Franking credits are a type of tax credit that shareholders receive with their dividends. They represent the tax amount the company has already paid on its profits. When shareholders file their taxes, these credits can offset their income tax liability.
How does paying a fully franked dividend relate to tax-efficiently withdrawing money from the company?

Are fully franked dividends better than unfranked dividends?
Fully franked dividends can be more beneficial than unfranked dividends because they come with franking credits, which can reduce or even eliminate additional tax on the dividends for shareholders.
Can I get a refund for excess franking credits?
Yes, if the franking credits attached to your fully franked dividends exceed your total tax liability, you may be eligible for a refund from the ATO.
What should I look for on my dividend statement to identify a fully franked dividen
On your dividend statement, look for the amount of the dividend and the franking credit. A fully franked dividend will indicate that 100% of the dividend amount is franked.
How do fully franked dividends affect my tax return?
On your tax return, you’ll need to declare the full amount of the dividend plus the franking credits as income. However, you’ll be able to use the franking credits to offset your tax payable.
Why do companies pay fully franked dividends?
Companies pay fully franked dividends to distribute profits to shareholders in a tax-efficient manner, avoiding double taxation of those profits since the company has already paid tax on them.
Can a company always pay fully franked dividends?
A company can only pay fully franked dividends if it has paid enough corporate tax to cover the franking credits for the dividend. This requires careful management of the company’s franking account.
How do I report fully franked dividends on my Australian tax return
Fully franked dividends should be reported on your tax return under the dividend income section, along with the franking credits attached to them.
How can you help companies with fully franked dividends?
We help companies plan how they distribute their profits so they can get the most out of franking credits. Think of it as making sure they use a special tax benefit to the fullest.
What assistance do you provide to shareholders regarding fully franked dividends?
We give personalized advice to shareholders on how to use franking credits effectively. This means helping them understand how these credits can benefit their taxes.
What's your role in ensuring compliance with ATO regulations?
Our experts make sure that when companies give out fully franked dividends, they follow all the rules set by the ATO (Australian Taxation Office). This way, everything is done correctly and legally.

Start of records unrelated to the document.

lemma zero_sum_free_cycles_le:
  fixes L :: "('q, 'x) trans list multiset"
  assumes upd: "\<forall>t\<in>\<Delta>. length (upd t) = k \<and> set (upd t) \<subseteq> {-1, 0, 1}"
    and Ls: "\<forall>c\<in>#L. set c \<subseteq> \<Delta> \<and> length c \<le> n"
    and zsf: "\<forall>N. N \<subseteq># L \<longrightarrow> N \<noteq> {#} \<longrightarrow> (\<Sum>c\<in>#N. eff k (mset c)) \<noteq> 0"
    and cancel: "(\<Sum>c\<in>#L. eff k (mset c)) = - eff k M" and M: "set_mset M \<subseteq> \<Delta>" "size M \<le> n"
  shows "Suc (size L) \<le> (2 * k * n + 1) ^ k"
proof -
  have sL: "\<bar>(\<Sum>c'\<in>#L. eff k (mset c')) c\<bar> \<le> int n" for c
    using abs_eff_le[OF upd M(1), of c] M(2) cancel by simp
  obtain xs where xs: "mset xs = L" using ex_mset by blast
  define w where "w = (\<lambda>i. eff k (mset (xs ! i)))"
  have "Suc (length xs) \<le> (2 * k * n + 1) ^ k"
  proof (rule zero_sum_free_card_le)
    show "\<forall>i<length xs. \<forall>c\<ge>k. w i c = 0" by (simp add: w_def eff_def)
    show "\<forall>i<length xs. \<forall>c. \<bar>w i c\<bar> \<le> int n"
    proof (intro allI impI)
      fix i c assume i: "i < length xs"
      then have "xs ! i \<in># L" using xs by (metis nth_mem set_mset_mset)
      then have "set (xs ! i) \<subseteq> \<Delta>" "length (xs ! i) \<le> n" using Ls by auto
      then have "\<bar>w i c\<bar> \<le> int (size (mset (xs ! i)))" unfolding w_def
        by (intro abs_eff_le[OF upd]) auto
      then show "\<bar>w i c\<bar> \<le> int n" using \<open>length (xs ! i) \<le> n\<close> by simp
    qed
    show "\<forall>c. \<bar>\<Sum>i<length xs. w i c\<bar> \<le> int n"
    proof
      fix c
      have "(\<Sum>i<length xs. w i c) = (\<Sum>i<length xs. w i) c" by (simp add: sum_fun_apply)
      also have "\<dots> = (\<Sum>c'\<in>#L. eff k (mset c')) c" unfolding w_def using sum_nth_mset[of "\<lambda>c. eff k (mset c)" xs] xs
        by simp
      finally show "\<bar>\<Sum>i<length xs. w i c\<bar> \<le> int n" using sL by simp
    qed
    show "\<forall>I\<subseteq>{..<length xs}. I \<noteq> {} \<longrightarrow> (\<exists>c. (\<Sum>i\<in>I. w i c) \<noteq> 0)"
    proof (intro allI impI)
      fix I assume "I \<subseteq> {..<length xs}" "I \<noteq> {}"
      from zero_sum_free_indices[OF xs zsf this] have "(\<Sum>i\<in>I. w i) \<noteq> 0"
        by (simp add: w_def)
      then obtain c where "(\<Sum>i\<in>I. w i) c \<noteq> 0" by (metis zero_fun_def ext)
      then show "\<exists>c. (\<Sum>i\<in>I. w i c) \<noteq> 0" by (metis sum_fun_apply)
    qed
  qed
  then show ?thesis using xs by auto
qed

How can companies and shareholders benefit from fully franked dividends?
When companies and shareholders work together to use fully franked dividends, they can get the most out of their profits and tax credits. This helps both parties have a tax strategy that’s efficient and follows the rules, so everyone benefits.
What does managing a franking account for my company mean?

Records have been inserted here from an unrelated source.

lemma primitive_root_power_power_ne_1:
  assumes "primitive_root_of_unity \<zeta> p" and "prime p"
    and "0 < u" "u < p" and "0 < n" "n < p"
  shows "(\<zeta> ^ u) ^ n \<noteq> 1"
proof -
  have "\<not> p dvd u" and "\<not> p dvd n"
    using assms(3-6) by (auto dest: dvd_imp_le)
  then have "\<not> p dvd u * n"
    using \<open>prime p\<close> by (simp add: prime_dvd_mult_iff)
  then show ?thesis
    using primitive_root_of_unity_power_eq_1_iff[OF assms(1) prime_gt_0_nat[OF \<open>prime p\<close>]]
    by (simp flip: power_mult)
qed

lemma poly_of_rat_primitive_root_power:
  fixes g :: "rat poly"
  assumes "prime p" and "primitive_root_of_unity \<zeta> p"
    and "poly (map_poly of_rat g) \<zeta> = 0" and "\<not> p dvd u"
  shows "poly (map_poly of_rat g) (\<zeta> ^ u) = 0"
proof -
  have "0 < p"
    using \<open>prime p\<close> by (rule prime_gt_0_nat)
  have root: "poly (map_poly of_rat (geometric_poly p)) (\<zeta> ^ k) = 0" if "\<not> p dvd k" for k
  proof -
    have "(\<zeta> ^ k) ^ p = 1"
      using primitive_root_of_unity_power_eq_1_iff[OF assms(2) \<open>0 < p\<close>, of "k * p"]
      by (simp add: power_mult)
    moreover have "\<zeta> ^ k \<noteq> 1"
      using primitive_root_of_unity_power_eq_1_iff[OF assms(2) \<open>0 < p\<close>] that by simp
    ultimately show ?thesis
      by (simp add: map_poly_geometric_poly poly_geometric_poly_root_of_unity)
  qed
  have "geometric_poly p dvd g"
    using irreducible_geometric_poly_rat[OF \<open>prime p\<close>] root[of 1] assms(3) \<open>prime p\<close>
    by (intro irreducible_dvd_of_common_root[of _ \<zeta>]) (auto simp: prime_nat_iff)
  then obtain r where "g = geometric_poly p * r" ..
  with root[OF \<open>\<not> p dvd u\<close>] show ?thesis
    by (simp add: map_poly_of_rat_mult)
qed

section \<open>Generating functions of systems of residue classes\<close>

definition covering_gen_fun :: "res_system \<Rightarrow> 'a::field \<Rightarrow> 'a" where
  "covering_gen_fun A z = (\<Sum>(a, n) \<leftarrow> A. z ^ a / (1 - z ^ n))"

lemma covering_fun_Cons:
  "covering_fun ((a, n) # A) x = (if x mod int n = int a mod int n then 1 else 0) + covering_fun A x"
  by (simp add: covering_fun_def)

lemma covering_fun_mod:
  assumes "\<forall>(a, n) \<in> set A. n dvd N"
  shows "covering_fun A (x mod int N) = covering_fun A x"
  unfolding covering_fun_def
proof (intro arg_cong[where f = length] filter_cong refl)
  fix h assume "h \<in> set A"
  with assms obtain a n where "h = (a, n)" "n dvd N"
    by fastforce
  then show "(case h of (a, n) \<Rightarrow> x mod int N mod int n = int a mod int n)
      \<longleftrightarrow> (case h of (a, n) \<Rightarrow> x mod int n = int a mod int n)"
    by (simp add: mod_mod_cancel)
qed

lemma sum_residue_class_power:
  fixes z :: "'a::field"
  assumes "a < n" and "n dvd N" and "z ^ n \<noteq> 1"
  shows "(\<Sum>x<N. if x mod n = a then z ^ x else 0) = (1 - z ^ N) * (z ^ a / (1 - z ^ n))"
proof -
  obtain K where N: "N = n * K"
    using \<open>n dvd N\<close> ..
  have "{x \<in> {..<N}. x mod n = a} = (\<lambda>q. a + n * q) ` {..<K}"
  proof (intro equalityI subsetI)
    fix x assume "x \<in> {x \<in> {..<N}. x mod n = a}"
    then have "x = a + n * (x div n)" and "x div n < K"
      by (auto simp: N less_mult_imp_div_less mult.commute)
    then show "x \<in> (\<lambda>q. a + n * q) ` {..<K}"
      by blast
  next
    fix x assume "x \<in> (\<lambda>q. a + n * q) ` {..<K}"
    then obtain q where "q < K" "x = a + n * q"
      by blast
    moreover have "a + n * q < n * Suc q"
      using \<open>a < n\<close> by simp
    moreover have "n * Suc q \<le> n * K"
      using \<open>q < K\<close> by (intro mult_le_mono2) simp
    ultimately show "x \<in> {x \<in> {..<N}. x mod n = a}"
      using \<open>a < n\<close> by (simp add: N)
  qed
  moreover have "inj_on (\<lambda>q. a + n * q) {..<K}"
    using \<open>a < n\<close> by (auto simp: inj_on_def)
  ultimately have "(\<Sum>x<N. if x mod n = a then z ^ x else 0) = (\<Sum>q<K. z ^ (a + n * q))"
    by (simp add: sum.inter_filter[symmetric] sum.reindex)
  also have "\<dots> = z ^ a * (\<Sum>q<K. (z ^ n) ^ q)"
    by (simp add: power_add power_mult sum_distrib_left)
  also have "\<dots> = (1 - z ^ N) * (z ^ a / (1 - z ^ n))"
    using \<open>z ^ n \<noteq> 1\<close> by (simp add: sum_gp_strict N power_mult)
  finally show ?thesis .
qed

lemma sum_covering_fun_power:
  fixes z :: "'a::field"
  assumes "\<forall>(a, n) \<in> set A. a < n \<and> n dvd N \<and> z ^ n \<noteq> 1"
  shows "(\<Sum>x<N. of_nat (covering_fun A (int x)) * z ^ x) = (1 - z ^ N) * covering_gen_fun A z"
  using assms
proof (induction A)
  case Nil
  then show ?case
    by (simp add: covering_fun_def covering_gen_fun_def)
next
  case (Cons h A)
  obtain a n where h: "h = (a, n)"
    by fastforce
  with Cons.prems have "a < n" "n dvd N" "z ^ n \<noteq> 1"
    by auto
  have "int x mod int n = int a mod int n \<longleftrightarrow> x mod n = a" for x
    using \<open>a < n\<close> by (metis mod_less of_nat_eq_iff zmod_int)
  then have "of_nat (covering_fun (h # A) (int x)) * z ^ x
      = (if x mod n = a then z ^ x else 0) + of_nat (covering_fun A (int x)) * z ^ x" for x
    by (simp add: h covering_fun_Cons distrib_right)
  then have "(\<Sum>x<N. of_nat (covering_fun (h # A) (int x)) * z ^ x)
      = (\<Sum>x<N. if x mod n = a then z ^ x else 0) + (\<Sum>x<N. of_nat (covering_fun A (int x)) * z ^ x)"
    by (simp add: sum.distrib)
  also have "\<dots> = (1 - z ^ N) * covering_gen_fun (h # A) z"
    using Cons sum_residue_class_power[OF \<open>a < n\<close> \<open>n dvd N\<close> \<open>z ^ n \<noteq> 1\<close>]
    by (simp add: h covering_gen_fun_def distrib_left)
  finally show ?case .
qed

definition covering_diff_poly :: "res_system \<Rightarrow> res_system \<Rightarrow> nat \<Rightarrow> 'a::comm_ring_1 poly" where
  "covering_diff_poly A B N =
     (\<Sum>x<N. monom (of_int (int (covering_fun A (int x)) - int (covering_fun B (int x)))) x)"

lemma coeff_covering_diff_poly:
  "coeff (covering_diff_poly A B N) x =
     (if x < N then of_int (int (covering_fun A (int x)) - int (covering_fun B (int x))) else 0)"
  by (simp add: covering_diff_poly_def coeff_sum coeff_monom)

lemma map_poly_of_rat_covering_diff_poly:
  "map_poly (of_rat :: rat \<Rightarrow> 'a::field_char_0) (covering_diff_poly A B N) = covering_diff_poly A B N"
  by (rule poly_eqI) (simp add: coeff_map_poly coeff_covering_diff_poly of_rat_diff)

lemma poly_covering_diff_poly:
  fixes z :: "'a::field"
  assumes "\<forall>(a, n) \<in> set A \<union> set B. a < n \<and> n dvd N" and "z ^ N \<noteq> 1"
  shows "poly (covering_diff_poly A B N) z = (1 - z ^ N) * (covering_gen_fun A z - covering_gen_fun B z)"
proof -
  have "z ^ n \<noteq> 1" if "n dvd N" for n
    using that \<open>z ^ N \<noteq> 1\<close> by (auto elim: dvdE simp: power_mult)
  with assms(1) have "\<forall>(a, n) \<in> set A. a < n \<and> n dvd N \<and> z ^ n \<noteq> 1"
    and "\<forall>(a, n) \<in> set B. a < n \<and> n dvd N \<and> z ^ n \<noteq> 1"
    by auto
  then have "(\<Sum>x<N. of_nat (covering_fun A (int x)) * z ^ x) = (1 - z ^ N) * covering_gen_fun A z"
    and "(\<Sum>x<N. of_nat (covering_fun B (int x)) * z ^ x) = (1 - z ^ N) * covering_gen_fun B z"
    by (simp_all add: sum_covering_fun_power)
  moreover have "poly (covering_diff_poly A B N) z =
      (\<Sum>x<N. of_nat (covering_fun A (int x)) * z ^ x) - (\<Sum>x<N. of_nat (covering_fun B (int x)) * z ^ x)"
    by (simp add: covering_diff_poly_def poly_sum poly_monom sum_subtractf left_diff_distrib)
  ultimately show ?thesis
    by (simp add: right_diff_distrib)
qed

lemma covering_equiv_iff_gen_fun_eq:
  assumes "\<forall>(a, n) \<in> set A \<union> set B. a < n \<and> n dvd N" and "0 < N"
  shows "covering_equiv A B \<longleftrightarrow>
    (\<forall>z::'a::field_char_0. z ^ N \<noteq> 1 \<longrightarrow> covering_gen_fun A z = covering_gen_fun B z)"
proof
  assume "covering_equiv A B"
  then have "covering_diff_poly A B N = (0 :: 'a poly)"
    by (simp add: covering_diff_poly_def covering_equiv_def)
  then show "\<forall>z::'a. z ^ N \<noteq> 1 \<longrightarrow> covering_gen_fun A z = covering_gen_fun B z"
    using poly_covering_diff_poly[OF assms(1)] by fastforce
next
  assume eq: "\<forall>z::'a. z ^ N \<noteq> 1 \<longrightarrow> covering_gen_fun A z = covering_gen_fun B z"
  have "covering_diff_poly A B N = (0 :: 'a poly)"
  proof (rule ccontr)
    assume "covering_diff_poly A B N \<noteq> (0 :: 'a poly)"
    then have "finite {z::'a. poly (covering_diff_poly A B N) z = 0}"
      by (rule poly_roots_finite)
    moreover have "finite {z::'a. z ^ N = 1}"
      using poly_roots_finite[of "monom 1 N - 1 :: 'a poly"] \<open>0 < N\<close>
      by (simp add: poly_monom monom_eq_1_iff)
    moreover have "poly (covering_diff_poly A B N) z = 0" if "z ^ N \<noteq> 1" for z :: 'a
      using eq poly_covering_diff_poly[OF assms(1) that] that by simp
    then have "UNIV = {z::'a. poly (covering_diff_poly A B N) z = 0} \<union> {z. z ^ N = 1}"
      by auto
    ultimately show False
      by (metis finite_Un infinite_UNIV_char_0)
  qed
  then have coeff_0: "coeff (covering_diff_poly A B N :: 'a poly) y = 0" for y
    by simp
  have "covering_fun A (int y) = covering_fun B (int y)" if "y < N" for y
    using coeff_0[of y] that by (simp add: coeff_covering_diff_poly)
  have "\<forall>(a, n) \<in> set A. n dvd N" and "\<forall>(a, n) \<in> set B. n dvd N"
    using assms(1) by auto
  then have "covering_fun A x = covering_fun B x" for x
    using \<open>0 < N\<close> covering_fun_mod[of A N x] covering_fun_mod[of B N x]
      \<open>\<And>y. y < N \<Longrightarrow> covering_fun A (int y) = covering_fun B (int y)\<close>[of "nat (x mod int N)"]
    by (simp add: nat_less_iff)
  then show "covering_equiv A B"
    by (simp add: covering_equiv_def)
qed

Managing a franking account for your company is like keeping track of a special savings account. This account holds credits that your company gets from paying taxes. You need to make sure there’s enough money in this account so that when your company pays dividends (profits to shareholders), those dividends can come with a tax benefit for the shareholders.
Why do shareholders need to consider their taxes when they get dividends?
When you receive dividends, it’s important to know that there are two parts to them: the money you get as dividends and something called “franking credits.” These credits represent the taxes your company has already paid. To make the most of this, you should consider your personal tax situation because it can affect how much tax you owe or get refunded.
What should I do with dividends and franking credits on my tax return?
When you file your tax return, don’t forget to include both the money you received as dividends and the franking credits. This ensures you get the right tax benefit or pay the correct amount of tax. It’s like reporting all your income accurately so you don’t have any tax issues.